lemma commute_op_Bop_Bop: "commute_op (Bop K G dC dG m) (Bop K G dC dG m')"
  unfolding Bop_eq_weighted_subst by (rule commute_op_weighted_subst) simp

definition generator_ops ::
    "(int \<Rightarrow> 'k set) \<Rightarrow> (int \<Rightarrow> 'g::ab_group_add set) \<Rightarrow> (int \<Rightarrow> 'k \<Rightarrow> 'k \<Rightarrow> int)
     \<Rightarrow> (int \<Rightarrow> 'g \<Rightarrow> 'g) \<Rightarrow> (int \<Rightarrow> 'k \<Rightarrow> 'g) operator set" where
  "generator_ops K G dC dG = Aop K G dC dG ` cochains K G (-1) \<union> range (Bop K G dC dG)"

lemma linear_op_generator_ops: "X \<in> generator_ops K G dC dG \<Longrightarrow> linear_op X"
  by (auto simp: generator_ops_def linear_op_Aop linear_op_Bop)

lemma commute_op_generator_ops:
  assumes "free_chain_complex K dC" and "finite_chain_complex G dG"
    and "X \<in> generator_ops K G dC dG" and "Y \<in> generator_ops K G dC dG"
  shows "commute_op X Y"
  using assms commute_op_Aop_Aop commute_op_Aop_Bop commute_op_Bop_Bop
    commute_op_sym[OF commute_op_Aop_Bop]
  by (auto simp: generator_ops_def)

context
  fixes K :: "int \<Rightarrow> 'k set" and G :: "int \<Rightarrow> 'g::ab_group_add set"
    and dC :: "int \<Rightarrow> 'k \<Rightarrow> 'k \<Rightarrow> int" and dG :: "int \<Rightarrow> 'g \<Rightarrow> 'g"
    and X :: "(int \<Rightarrow> 'k \<Rightarrow> 'g) operator"
  assumes fcc: "finite_chain_complex G dG" and X: "linear_op X"
    and commute: "\<And>Y. Y \<in> generator_ops K G dC dG \<Longrightarrow> commute_op X Y"
begin

lemma commute_op_Avert:
  assumes "x \<in> K n"
  shows "commute_op X (Avert K G dC dG n x r)"
proof -
  have "dstar n x h \<in> cochains K G (-1)" if "h \<in> G (n + 1)" for h
    using dstar_cochains[of G dG x K n h "-1"] fcc assms that by simp
  then show ?thesis
    unfolding Avert_def
    by (intro commute_op_divide commute_op_sum commute_op_scale X commute)
       (simp add: generator_ops_def)
qed

lemma commute_op_Bvert: "commute_op X (Bvert K G dC dG m y g)"
  unfolding Bvert_def
  by (intro commute_op_divide commute_op_sum commute_op_scale X commute)
     (simp add: generator_ops_def)

lemma commute_op_Ham: "commute_op X (Ham K G dC dG)"
  unfolding Ham_def
  by (intro commute_op_diff commute_op_uminus commute_op_sum X commute_op_Avert commute_op_Bvert)

end

theorem lemma6:
  fixes K :: "int \<Rightarrow> 'k set" and dC :: "int \<Rightarrow> 'k \<Rightarrow> 'k \<Rightarrow> int"
    and G :: "int \<Rightarrow> 'g::ab_group_add set" and dG :: "int \<Rightarrow> 'g \<Rightarrow> 'g"
  assumes "free_chain_complex K dC" and "finite_chain_complex G dG"
  shows "(\<forall>n x r. x \<in> K n \<longrightarrow> r \<in> chars G (n + 1) \<longrightarrow>
            (\<forall>\<psi>\<in>hilb K G. Ham K G dC dG (Avert K G dC dG n x r \<psi>)
                           = Avert K G dC dG n x r (Ham K G dC dG \<psi>)))
       \<and> (\<forall>m y g. y \<in> K m \<longrightarrow> g \<in> G (m - 1) \<longrightarrow>
            (\<forall>\<psi>\<in>hilb K G. Ham K G dC dG (Bvert K G dC dG m y g \<psi>)
                           = Bvert K G dC dG m y g (Ham K G dC dG \<psi>)))"
proof -
  have Ham_generators: "commute_op (Ham K G dC dG) Y" if "Y \<in> generator_ops K G dC dG" for Y
    using commute_op_Ham[OF assms(2) linear_op_generator_ops[OF that]]
      commute_op_generator_ops[OF assms that]
    by (blast intro: commute_op_sym)
  have "commute_op (Ham K G dC dG) (Avert K G dC dG n x r)" if "x \<in> K n" for n x r
    using assms(2) linear_op_Ham Ham_generators that by (rule commute_op_Avert)
  moreover have "commute_op (Ham K G dC dG) (Bvert K G dC dG m y g)" for m y g
    using assms(2) linear_op_Ham Ham_generators by (rule commute_op_Bvert)
  ultimately show ?thesis
    by (simp add: commute_op_def)
qed

end
(* Let $n\ge 3$ and let $(\alpha,\beta)$ satisfy $\beta\ge 0$, $0<\alpha+\beta<n-\beta$ and $\frac{n-\alpha-2\beta}{2n}+\frac{n-\alpha}{2(n-1)}<1$. Let $1\le s\le t\le\infty$. Then, with constants depending only on $n,\alpha,\beta,s,t$: (i) If $1+\frac1t<\frac{n-\alpha}{n-1}+\frac1s$, then for all $f\in L^s(\mathbb R^{n-1})$ and $x_n>0$, $\|E_{\alpha,\beta}(f)(\cdot,x_n)\|_{L^t(\mathbb R^{n-1})}\lesssim x_n^{(n-1)(1+\frac1t-\frac1s)-(n-\alpha-\beta)}\|f\|_{L^s(\mathbb R^{n-1})}$. (ii) If $f\in L^1(\mathbb R^{n-1})$ with $\mathrm{supp}(f)\subset B_R(0)$, then for all $x=(x',x_n)\in\mathbb R^n_+$, $|E_{\alpha,\beta}(f)(x)|\lesssim \frac{x_n^\beta}{(((|x'|-R)^+)^2+x_n^2)^{\frac{n-\alpha}{2}}}\|f\|_{L^1(\mathbb R^{n-1})}$. (iii) If $f\in L^s(\mathbb R^{n-1})$ with $\mathrm{supp}(f)\subset \mathbb R^{n-1}\setminus B_R(0)$ and $\frac1s>\frac{\alpha-1}{n-1}$, then for all $x_n>0$, $\|E_{\alpha,\beta}(f)(\cdot,x_n)\|_{L^\infty(B_{R/2})}\lesssim x_n^\beta R^{(\alpha-1)-\frac{n-1}{s}}\|f\|_{L^s(\mathbb R^{n-1})}$; and if moreover $\frac1s>\frac{\alpha+\beta-1}{n-1}$, then $\|E_{\alpha,\beta}(f)\|_{L^\infty(B^+_{R/2})}\lesssim R^{\alpha+\beta-1-\frac{n-1}{s}}\|f\|_{L^s(\mathbb R^{n-1})}$.
   Context: $\mathbb R^n_+=\{(x',x_n):x'\in\mathbb R^{n-1},x_n>0\}$. For $f$ on $\mathbb R^{n-1}$, $E_{\alpha,\beta}(f)(x',x_n)=\int_{\mathbb R^{n-1}}\frac{x_n^\beta f(y')}{(x_n^2+|x'-y'|^2)^{\frac{n-\alpha}{2}}}\,\mathrm dy'$. $B_R=\{x'\in\mathbb R^{n-1}:|x'|<R\}$ and $B^+_R=\{(x',x_n)\in\mathbb R^n_+:\sqrt{|x'|^2+x_n^2}<R\}$. $(a)^+=\max\{a,0\}$. $A\lesssim B$ means $A\le CB$ for a constant $C$ independent of $f$, $R$ and $x$. *)

theory Defs
  imports "HOL-Analysis.Analysis" "HOL-Probability.Essential_Supremum"
begin

definition recip :: "ereal \<Rightarrow> real" where
  "recip p = (if p = \<infinity> then 0 else 1 / real_of_ereal p)"

text \<open>The L^p norm of f with respect to the measure M (p in [1,\<infinity>]), valued in [0,\<infinity>].
  It is \<infinity> when f is not M-measurable; thus finiteness means membership in L^p(M).\<close>
definition Lp_norm :: "ereal \<Rightarrow> 'a measure \<Rightarrow> ('a \<Rightarrow> real) \<Rightarrow> ennreal" where
  "Lp_norm p M f =
     (if f \<notin> borel_measurable M then \<infinity>
      else if p = \<infinity> then e2ennreal (esssup M (\<lambda>x. ereal \<bar>f x\<bar>))
      else (let I = (\<integral>\<^sup>+ x. ennreal (\<bar>f x\<bar> powr real_of_ereal p) \<partial>M)
            in if I = \<infinity> then \<infinity> else ennreal (enn2real I powr (1 / real_of_ereal p))))"

text \<open>The extension operator E_{\<alpha>,\<beta>}; the boundary space R^{n-1} is the euclidean space 'a
  (n = DIM('a) + 1), a point of the upper half space is (x', x_n).\<close>
definition E_op :: "real \<Rightarrow> real \<Rightarrow> ('a::euclidean_space \<Rightarrow> real) \<Rightarrow> 'a \<times> real \<Rightarrow> real" where
  "E_op \<alpha> \<beta> f = (\<lambda>(x', xn). \<integral>y. xn powr \<beta> * f y /
       (xn\<^sup>2 + (norm (x' - y))\<^sup>2) powr ((real DIM('a) + 1 - \<alpha>) / 2) \<partial>lebesgue)"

_WHAT YOU HAVE TO DO_:
Your answer should be the number of lines in the records that contain the word "auto", with nothing added.

_ANSWER SECTION_:
2